株式会社ゲムトレ代表の小幡和輝さんは、自身の会社ではスタッフの約40%がママで、オフィスはなく100%リモート。さらに就業時間の決まりもなく「だいぶ自由に働いてもらえるかなと思う」と語りつつ、田中が取材した模様を観て「(ゲムトレでは)できる範囲のことはやっているが、もっとやれることはたくさんあるなと感じた。それをやる力というか、会社としてまだまだ必要なものはあると思いました。頑張ります」と気付きがあった様子。

ここでキャスターの堀潤は、子育てしやすい社会の実現に向け、当事者の声を見える化する「みらい子育て全国ネットワーク(miraco)」を紹介。そこではTwitterで子育て政策に関するさまざまな企画を実施しており、なかには「『異次元の子育て政策』王座決定戦」なる面白い試みも。

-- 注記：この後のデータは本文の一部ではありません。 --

lemma branch_time_unique:
  assumes su: "(s, u) \<in> labels" and c: "c \<in> children S s" "(c, u) \<in> labels"
  shows "u = branch_time s"
proof (rule antisym)
  have "s \<in> inner_edges"
    using inner_edges_if_child[OF c(1)] labels_bounds[OF su] by blast
  then obtain c' where c': "c' \<in> children S s" "(c', branch_time s) \<in> labels"
    using branch_time by blast
  then show "u \<le> branch_time s"
    using labels_mono[OF su c'(2)] child_strict_anc[OF c'(1)] by blast
  show "branch_time s \<le> u"
    unfolding branch_time_def using su c by (intro Least_le) blast
qed

text \<open>At time branch_time s the shuffle must move in S, for a move in L would
  produce a label above the branching time.\<close>
lemma children_branch_time_in_labels:
  assumes s: "s \<in> inner_edges" and c: "c \<in> children S s"
  shows "(c, branch_time s) \<in> labels"
proof -
  obtain e where e: "e \<in> edges A" "lab e = (s, branch_time s)"
    using branch_time[OF s] by (auto simp: labels_def)
  have nl: "e \<notin> leaves A"
    using lab_leaf[of e] e s by (auto simp: inner_edges_def)
  from lab_children[OF e(1) nl] show ?thesis
  proof
    assume "bij_betw lab (children A e) (children S (fst (lab e)) \<times> {snd (lab e)})"
    then have "(c, branch_time s) \<in> lab ` children A e"
      using c e(2) by (simp add: bij_betw_def)
    then show ?thesis
      using children_A_subset by (auto simp: labels_def)
  next
    assume b: "bij_betw lab (children A e) ({fst (lab e)} \<times> children (L n) (snd (lab e)))"
    obtain x where x: "x \<in> children A e"
      using nonleaf_has_child[OF e(1) nl] by blast
    have "lab x \<in> {s} \<times> children (L n) (branch_time s)"
      using b x e(2) bij_betwE by fastforce
    then have "(s, Suc (branch_time s)) \<in> labels"
      using x children_A_subset by (force simp: labels_def children_L split: if_splits)
    moreover obtain c' where c': "c' \<in> children S s" "(c', branch_time s) \<in> labels"
      using branch_time[OF s] by blast
    ultimately have "Suc (branch_time s) \<le> branch_time s"
      using labels_mono[OF _ c'(2)] child_strict_anc[OF c'(1)] by blast
    then show ?thesis
      by simp
  qed
qed

lemma labels_Suc:
  assumes su: "(s, u) \<in> labels" and "u < n" and "s \<in> inner_edges \<Longrightarrow> u \<noteq> branch_time s"
  shows "(s, Suc u) \<in> labels"
proof -
  obtain e where e: "e \<in> edges A" "lab e = (s, u)"
    using su by (auto simp: labels_def)
  have nl: "e \<notin> leaves A"
    using lab_leaf[of e] e \<open>u < n\<close> by auto
  obtain x where x: "x \<in> children A e"
    using nonleaf_has_child[OF e(1) nl] by blast
  have x_in: "lab x \<in> labels"
    using x children_A_subset by (auto simp: labels_def)
  from lab_children[OF e(1) nl] show ?thesis
  proof
    assume "bij_betw lab (children A e) (children S (fst (lab e)) \<times> {snd (lab e)})"
    then have "lab x \<in> children S s \<times> {u}"
      using x e(2) bij_betwE by fastforce
    then have c: "fst (lab x) \<in> children S s" "lab x = (fst (lab x), u)"
      by (auto simp: prod_eq_iff)
    then have "u = branch_time s"
      using branch_time_unique[OF su c(1)] x_in by simp
    moreover have "s \<in> inner_edges"
      using inner_edges_if_child[OF c(1)] labels_bounds[OF su] by blast
    ultimately show ?thesis
      using assms(3) by simp
  next
    assume "bij_betw lab (children A e) ({fst (lab e)} \<times> children (L n) (snd (lab e)))"
    then have "lab x \<in> {s} \<times> children (L n) u"
      using x e(2) bij_betwE by fastforce
    then show ?thesis
      using x_in by (auto simp: children_L split: if_splits)
  qed
qed
text \<open>Both \<^const>\<open>mu_comp\<close> and \<^const>\<open>act_vec\<close> are push-forwards of this form.\<close>

lemma pushforward_vec_of_mset_diff:
  "(\<lambda>y. \<Sum>i \<in> {i. (vec_of_mset X - vec_of_mset Y) i \<noteq> 0 \<and> f i = y}. (vec_of_mset X - vec_of_mset Y) i)
     = vec_of_mset (image_mset f X) - vec_of_mset (image_mset f Y)"
proof
  fix y
  define d where "d = vec_of_mset X - vec_of_mset Y"
  define S where "S = (set_mset X \<union> set_mset Y) \<inter> f -` {y}"
  have "finite S"
    unfolding S_def by simp
  have count_image: "int (count (image_mset f M) y) = (\<Sum>i\<in>S. int (count M i))"
    if "set_mset M \<subseteq> set_mset X \<union> set_mset Y" for M
  proof -
    have "count (image_mset f M) y = (\<Sum>i\<in>f -` {y} \<inter> set_mset M. count M i)"
      by (rule count_image_mset)
    also have "\<dots> = (\<Sum>i\<in>S. count M i)"
      using \<open>finite S\<close> that by (intro sum.mono_neutral_left) (auto simp: S_def count_eq_zero_iff)
    finally show ?thesis
      by simp
  qed
  have "(\<Sum>i \<in> {i. d i \<noteq> 0 \<and> f i = y}. d i) = (\<Sum>i\<in>S. d i)"
    using \<open>finite S\<close> support_vec_of_mset_diff[of X Y]
    by (intro sum.mono_neutral_left) (auto simp: S_def d_def)
  also have "\<dots> = int (count (image_mset f X) y) - int (count (image_mset f Y) y)"
    by (simp add: d_def vec_of_mset_def sum_subtractf count_image)
  finally show "(\<Sum>i \<in> {i. d i \<noteq> 0 \<and> f i = y}. d i)
      = (vec_of_mset (image_mset f X) - vec_of_mset (image_mset f Y)) y"
    by (simp add: vec_of_mset_def)
qed

lemma mu_comp_vec_of_mset_diff:
  "mu_comp F (vec_of_mset X - vec_of_mset Y)
     = vec_of_mset (image_mset (restr F) X) - vec_of_mset (image_mset (restr F) Y)"
  unfolding mu_comp_def by (rule pushforward_vec_of_mset_diff)

lemma act_vec_vec_of_mset_diff:
  "act_vec T \<sigma> (vec_of_mset X - vec_of_mset Y)
     = vec_of_mset (image_mset (act_idx T \<sigma>) X) - vec_of_mset (image_mset (act_idx T \<sigma>) Y)"
  unfolding act_vec_def by (rule pushforward_vec_of_mset_diff)

lemma Sym_inv: "\<sigma> \<in> Sym \<Longrightarrow> inv \<sigma> \<in> Sym"
proof -
  assume "\<sigma> \<in> Sym"
  then have \<sigma>: "bij \<sigma>" "\<sigma> 0 = 0" "finite {n. \<sigma> n \<noteq> n}"
    unfolding Sym_def by auto
  have "inv \<sigma> 0 = 0"
    using \<sigma>(1,2) by (metis bij_inv_eq_iff)
  moreover have "{n. inv \<sigma> n \<noteq> n} \<subseteq> \<sigma> ` {n. \<sigma> n \<noteq> n}"
  proof
    fix n
    assume "n \<in> {n. inv \<sigma> n \<noteq> n}"
    moreover have "\<sigma> (inv \<sigma> n) = n"
      using \<sigma>(1) by (simp add: bij_is_surj surj_f_inv_f)
    ultimately show "n \<in> \<sigma> ` {n. \<sigma> n \<noteq> n}"
      by (metis (mono_tags) image_eqI mem_Collect_eq)
  qed
  then have "finite {n. inv \<sigma> n \<noteq> n}"
    using \<sigma>(3) by (rule finite_subset[OF _ finite_imageI])
  ultimately show ?thesis
    using \<sigma>(1) unfolding Sym_def by (simp add: bij_imp_bij_inv)
qed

これはみんなが今、育児のどこにニーズを感じているかのアンケートで、例えばお金に関しては「全ての所得制限を撤廃」、「ひとり親支援の所得制限廃止」、「看護休暇の回数無制限」の3択で「全ての所得制限を撤廃」が8割を占め、「結婚・出産、社宅制度(の拡充)」、「1人産んだら1,000万円給付」、「出産・育児の前に性教育」の3択では「1人産んだら1,000万円給付」に最も多くの票が集まっていました。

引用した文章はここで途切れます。